# Vulnerabilities of the log analysis tools - thesis and facts?



## francis (Jan 24, 2012)

Greetings to all!

Since security/denyhosts and security/py-fail2ban are available in the FreeBSD Port Collection or as packages and are used by many peoples to help thwart ssh or ftp server attacks [1], I would like to share informations about potential problems and three 0-day denial-of-service attacks caused by remote log injection described on the _Attacking Log Analysis tools_ article by Daniel B. Cid. I think that this article can be treated as a curiosity or a very interesting discovery, but for all those who use one of these applications (including me), this article may prove to be fascinating source of information.

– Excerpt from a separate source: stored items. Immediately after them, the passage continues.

lemma real_of_int_ceiling_log2: "0 < m \<Longrightarrow> real_of_int \<lceil>log 2 (real m)\<rceil> = real (ceillog2 m)"
  unfolding ceillog2_def by simp

text \<open>The cycle is split into a tree path of length D1, a stem of s edges and a tree path of
  length D2. Taking D2 = ceillog2 m2 - 1 is possible because the first level of a tree
  already has four leaves.\<close>

lemma cycle_length_split:
  assumes "0 < m1" "3 \<le> n" "n \<le> m2" and n: "ceillog2 m1 + ceillog2 m2 + 1 \<le> n"
  shows "\<exists>D1 D2 s. n = D1 + D2 + s + 1 \<and> 1 \<le> s \<and> s \<le> m2 \<and>
    m1 \<le> tree_size D1 \<and> 2 ^ D1 \<le> 2 * m1 \<and> m2 \<le> tree_size D2 \<and> 2 ^ D2 \<le> 2 * m2"
proof -
  define A where "A = ceillog2 m1"
  define B where "B = ceillog2 m2"
  have "m1 \<le> tree_size A" using le_two_power_ceillog2[of m1] two_power_le_tree_size[of A]
    unfolding A_def by linarith
  moreover have "2 ^ A \<le> 2 * m1" using two_power_ceillog2_gt[of m1] assms(1) unfolding A_def by simp
  moreover have B2: "2 \<le> B" using ceillog2_ge_iff[of m2 2] assms(2,3) unfolding B_def by simp
  then have "m2 \<le> tree_size (B - 1)"
    using le_two_power_ceillog2[of m2] unfolding B_def tree_size_def by simp
  moreover have "2 ^ (B - 1) \<le> 2 * m2"
  proof -
    have "(2::nat) ^ (B - 1) \<le> 2 ^ B" by (rule power_increasing) simp_all
    moreover have "2 ^ B < 2 * m2" using two_power_ceillog2_gt[of m2] assms(2,3) unfolding B_def by simp
    ultimately show ?thesis by linarith
  qed
  moreover have "n = A + (B - 1) + (n - A - B) + 1" "1 \<le> n - A - B" "n - A - B \<le> m2"
    using n B2 assms(3) unfolding A_def B_def by auto
  ultimately show ?thesis by blast
qed

theorem lemma2p7:
  fixes n m1 m2 :: nat
  assumes "0 < n" "0 < m1" "0 < m2" and n3: "3 \<le> n"
    and "m2 \<ge> n"
    and "real n \<ge> of_int \<lceil>log 2 (real m1)\<rceil> + of_int \<lceil>log 2 (real m2)\<rceil> + 1"
  shows "ramsey_cycle_Kab n m1 m2 \<le> 33 * m1 + 49 * m2"
proof -
  have "ceillog2 m1 + ceillog2 m2 + 1 \<le> n"
    using assms(6) real_of_int_ceiling_log2[OF assms(2)] real_of_int_ceiling_log2[OF assms(3)] by simp
  then obtain D1 D2 s where split: "n = D1 + D2 + s + 1" "1 \<le> s" "s \<le> m2"
    "m1 \<le> tree_size D1" "2 ^ D1 \<le> 2 * m1" "m2 \<le> tree_size D2" "2 ^ D2 \<le> 2 * m2"
    using cycle_length_split[OF assms(2) n3 assms(5)] by blast
  have "has_red_cycle (33 * m1 + 49 * m2) red n \<or> has_blue_Kab (33 * m1 + 49 * m2) red m1 m2"
    if "red_blue_colouring (33 * m1 + 49 * m2) red" for red
  proof (rule disjCI)
    assume "\<not> has_blue_Kab (33 * m1 + 49 * m2) red m1 m2"
    then interpret no_blue_Kab "33 * m1 + 49 * m2" red m1 m2
      using no_blue_KabI that by blast
    show "has_red_cycle (33 * m1 + 49 * m2) red n"
      by (rule red_cycle[OF _ split]) simp
  qed
  then show ?thesis unfolding ramsey_cycle_Kab_def by (intro Least_le) blast
qed

end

Attacking Log Analysis tools is a very interesting and factual written article. Contains an interesting point of view about system security and system log files, which - after all - are integral parts of daily administration. As author wrote; "_The goal of this document is to show some of the most common problems with log injections_". He suggests, that if you ever write a custom script to parse your logs, you should be aware of these issues mentioned in the article. In my opinion we can not forget, that every apps, script or whatever were created by human.  Of course when not done properly, it causing more harm than good, but... To sum up: read and rethink this subject.

[1] By the way; an interesting example of blocking unauthorised login attempts using ipf, tail(1) utility and sed(1) editor; ssh/ipf blocking


----------



## anomie (Jan 25, 2012)

Of course, nothing new in the problem of command / bad data injection. But still a good article that covers specific applications (that sysadmins may not be thinking about as vulnerable).


----------